I want to have a new moving-average-array column from the past 3 measurement records, excluding those records where the result is 0. Past 3 records mean that for id 34, the arrays of id 31,32,33 to be used.
It is about taking the average of every 1st point, 2nd point, 3rd and 4th point to have this moving-average-array.
It is not about getting the average of 1st array, 2nd array ... and then averaging the average, no.
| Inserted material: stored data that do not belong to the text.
lemma orthogonal_vec_exists:
  fixes S :: "'a :: field vec set"
  assumes S: "finite S" "S \<subseteq> carrier_vec n" and card: "card S < n"
  shows "\<exists>w \<in> carrier_vec n. w \<noteq> 0\<^sub>v n \<and> (\<forall>s \<in> S. s \<bullet> w = 0)"
proof -
  obtain L where L: "set L = S" "distinct L" using finite_distinct_list[OF S(1)] by blast
  have k: "length L < n" using L card distinct_card by fastforce
  define rs where "rs = L @ replicate (n - length L) (0\<^sub>v n)"
  have rs: "length rs = n" "set rs \<subseteq> carrier_vec n" using k S(2) L unfolding rs_def by auto
  define N where "N = mat_of_rows n rs"
  have N: "N \<in> carrier_mat n n" unfolding N_def using rs by auto
  have "rs ! length L = 0\<^sub>v n" using k by (simp add: rs_def nth_append)
  then have "N = mat\<^sub>r n n (\<lambda>i. if i = length L then 0\<^sub>v n else rs ! i)"
    unfolding N_def by (intro eq_matI) (use rs in \<open>auto simp: mat_of_rows_def\<close>)
  moreover have "(!) rs \<in> {0..<n} \<rightarrow> carrier_vec n" using rs nth_mem by fastforce
  ultimately have "det N = 0" using det_row_0[OF k, of "(!) rs"] by simp
  then obtain w where w: "w \<in> carrier_vec n" "w \<noteq> 0\<^sub>v n" "N *\<^sub>v w = 0\<^sub>v n"
    using det_0_iff_vec_prod_zero_field[OF N] by auto
  have "s \<bullet> w = 0" if "s \<in> S" for s
  proof -
    have "s \<in> set L" using that L(1) by simp
    then obtain j where j: "j < length L" "L ! j = s" by (metis in_set_conv_nth)
    have rs_j: "rs ! j = s" unfolding rs_def using j by (simp add: nth_append)
    then have "rs ! j \<in> carrier_vec n" using that S(2) by auto
    then have "row N j = s" unfolding N_def using rs_j rs(1) j k by simp
    then have "(N *\<^sub>v w) $ j = s \<bullet> w" using j k N by simp
    then show ?thesis using w(3) j k by simp
  qed
  then show ?thesis using w by blast
qed
(* Let $X\in RV_+^p(\alpha)$ with $n\Pr(b_n^{-1}X\in\cdot)\stackrel{v}{\to}\nu_X(\cdot)$, and suppose $X$ satisfies the lower-tail condition $n\Pr\{X_i\le\exp(-kb_n)\}\to0$ for every $k>0$ and $i=1,\ldots,p$. Then for $a\in\mathbb{R}$, with $a\circ X=t\{a\,t^{-1}(X)\}$, $$n\Pr\{b_n^{-1}(a\circ X)\in\cdot\}\stackrel{v}{\to}a^{\alpha}\nu_X(\cdot)\ \text{if } a>0,\qquad n\Pr\{b_n^{-1}(a\circ X)\in\cdot\}\stackrel{v}{\to}0\ \text{if } a\le0,$$ vague convergence in the space of nonnegative Radon measures on $[0,\infty]^p\setminus\{0\}$.
   Context: $t(y)=\log\{1+\exp(y)\}$, $t^{-1}(x)=\log\{\exp(x)-1\}$, applied componentwise, extended by $t(-\infty)=0$, $t^{-1}(0)=-\infty$, $t(\infty)=t^{-1}(\infty)=\infty$. A random vector $X$ with values in $[0,\infty)^p$ is in $RV_+^p(\alpha)$ if there exist $b_n\to\infty$ and a nonzero measure $\nu_X$ with $n\Pr(b_n^{-1}X\in\cdot)\stackrel{v}{\to}\nu_X(\cdot)$ vaguely in the nonnegative Radon measures on $[0,\infty]^p\setminus\{0\}$. *)

theory Defs
  imports "HOL-Probability.Probability"
begin

definition tfun :: "ereal \<Rightarrow> ennreal" where
  "tfun y = (case y of ereal r \<Rightarrow> ennreal (ln (1 + exp r)) | PInfty \<Rightarrow> \<infinity> | MInfty \<Rightarrow> 0)"

definition tinv :: "real \<Rightarrow> ereal" where
  "tinv x = (if x = 0 then -\<infinity> else ereal (ln (exp x - 1)))"

definition tcirc :: "real \<Rightarrow> ('p \<Rightarrow> real) \<Rightarrow> ('p \<Rightarrow> ennreal)" where
  "tcirc a x = (\<lambda>i. tfun (ereal a * tinv (x i)))"

definition emb :: "('p \<Rightarrow> real) \<Rightarrow> ('p \<Rightarrow> ennreal)" where
  "emb x = (\<lambda>i. ennreal (x i))"

definition scalev :: "real \<Rightarrow> ('p \<Rightarrow> ennreal) \<Rightarrow> ('p \<Rightarrow> ennreal)" where
  "scalev c v = (\<lambda>i. v i / ennreal c)"

text \<open>Vague convergence of measures on E = [0,inf]^p minus {0}: convergence of integrals
  of all nonnegative continuous functions with compact support in E, i.e. continuous on the
  compact space [0,inf]^p and vanishing on a neighbourhood of 0.\<close>
definition vague_conv ::
  "(nat \<Rightarrow> ('p::finite \<Rightarrow> ennreal) measure) \<Rightarrow> ('p \<Rightarrow> ennreal) measure \<Rightarrow> bool" where
  "vague_conv \<mu> \<nu> \<longleftrightarrow>
     (\<forall>f :: ('p \<Rightarrow> ennreal) \<Rightarrow> real.
        continuous_on UNIV f \<and> (\<forall>x. 0 \<le> f x) \<and>
        (\<exists>U. open U \<and> (\<lambda>_. 0) \<in> U \<and> (\<forall>x\<in>U. f x = 0)) \<longrightarrow>
        ((\<lambda>n. \<integral>\<^sup>+ x. ennreal (f x) \<partial>(\<mu> n)) \<longlongrightarrow> (\<integral>\<^sup>+ x. ennreal (f x) \<partial>\<nu>)) sequentially)"

text \<open>Nonnegative Radon measure on E (extended to [0,inf]^p with no mass at 0).\<close>
definition radon_E :: "('p::finite \<Rightarrow> ennreal) measure \<Rightarrow> bool" where
  "radon_E \<nu> \<longleftrightarrow> sets \<nu> = sets borel \<and> emeasure \<nu> {\<lambda>_. 0} = 0 \<and>
     (\<forall>K. compact K \<and> (\<lambda>_. 0) \<notin> K \<longrightarrow> emeasure \<nu> K < \<infinity>)"

definition RV_plus ::
  "real \<Rightarrow> 'a measure \<Rightarrow> ('a \<Rightarrow> 'p::finite \<Rightarrow> real) \<Rightarrow> (nat \<Rightarrow> real) \<Rightarrow> ('p \<Rightarrow> ennreal) measure \<Rightarrow> bool"
  where
  "RV_plus \<alpha> M X b \<nu> \<longleftrightarrow>
     prob_space M \<and> X \<in> borel_measurable M \<and> (\<forall>\<omega>\<in>space M. \<forall>i. 0 \<le> X \<omega> i) \<and>
     \<alpha> > 0 \<and> filterlim b at_top sequentially \<and>
     radon_E \<nu> \<and> emeasure \<nu> (space \<nu>) \<noteq> 0 \<and>
     (\<forall>t>0. \<forall>A\<in>sets borel.
        emeasure \<nu> ((\<lambda>x. \<lambda>i. ennreal t * x i) ` A) = ennreal (t powr (-\<alpha>)) * emeasure \<nu> A) \<and>
     vague_conv (\<lambda>n. scale_measure (of_nat n) (distr M borel (\<lambda>\<omega>. scalev (b n) (emb (X \<omega>))))) \<nu>"

end

theory Submission
  imports Defs
begin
For the first 3 rows, because there is not enough history, I just want to use their own measurement. So the solution should look like this:
date, id, measure, result . Solution
2016-07-11, 31, "[2, 5, 3, 3]", 1, "[2, 5, 3, 3]"
2016-07-12, 32, "[3, 5, 3, 3]", 1, "[3, 5, 3, 3]"
2016-07-13, 33, "[2, 1, 2, 2]", 1, "[2, 1, 2, 2]"
2016-07-14, 34, "[2, 6, 3, 3]", 1, "[2.3, 3.6, 2.6, 2.6]"
2016-07-15, 35, "[39, 31, 73, 34]", 0, "[2.3, 4, 2.6, 2.6]"
2016-07-16, 36, "[3, 2, 3, 3]", 1, "[2.3, 4, 2.6, 2.6]"
2016-07-17, 37, "[3, 8, 3, 3]", 1, "[2.3, 3, 2.6, 2.6]"
The real data is bigger. result 0 may repeat 2 or more times after each other also. I think it will be about keeping a track of previous OK results properly getting those averages. I spent time but I could not.
I am posting the dataframe here:
mydict = {'date': {0: '2016-07-11',
1: '2016-07-12',
2: '2016-07-13',
3: '2016-07-14',
4: '2016-07-15',
5: '2016-07-16',
6: '2016-07-17'},
'id': {0: 31, 1: 32, 2: 33, 3: 34, 4: 35, 5: 36, 6: 37},
'measure': {0: '[2, 5, 3, 3]',
1: '[3, 5, 3, 3]',
2: '[2, 1, 2, 2]',
3: '[2, 6, 3, 3]',
4: '[39, 31, 73, 34]',
5: '[3, 2, 3, 3]',
6: '[3, 8, 3, 3]'},
'result': {0: 1, 1: 1, 2: 1, 3: 1, 4: 0, 5: 1, 6: 1}}
df = pd.DataFrame(mydict)
Thank you for giving directions or pointing out how to.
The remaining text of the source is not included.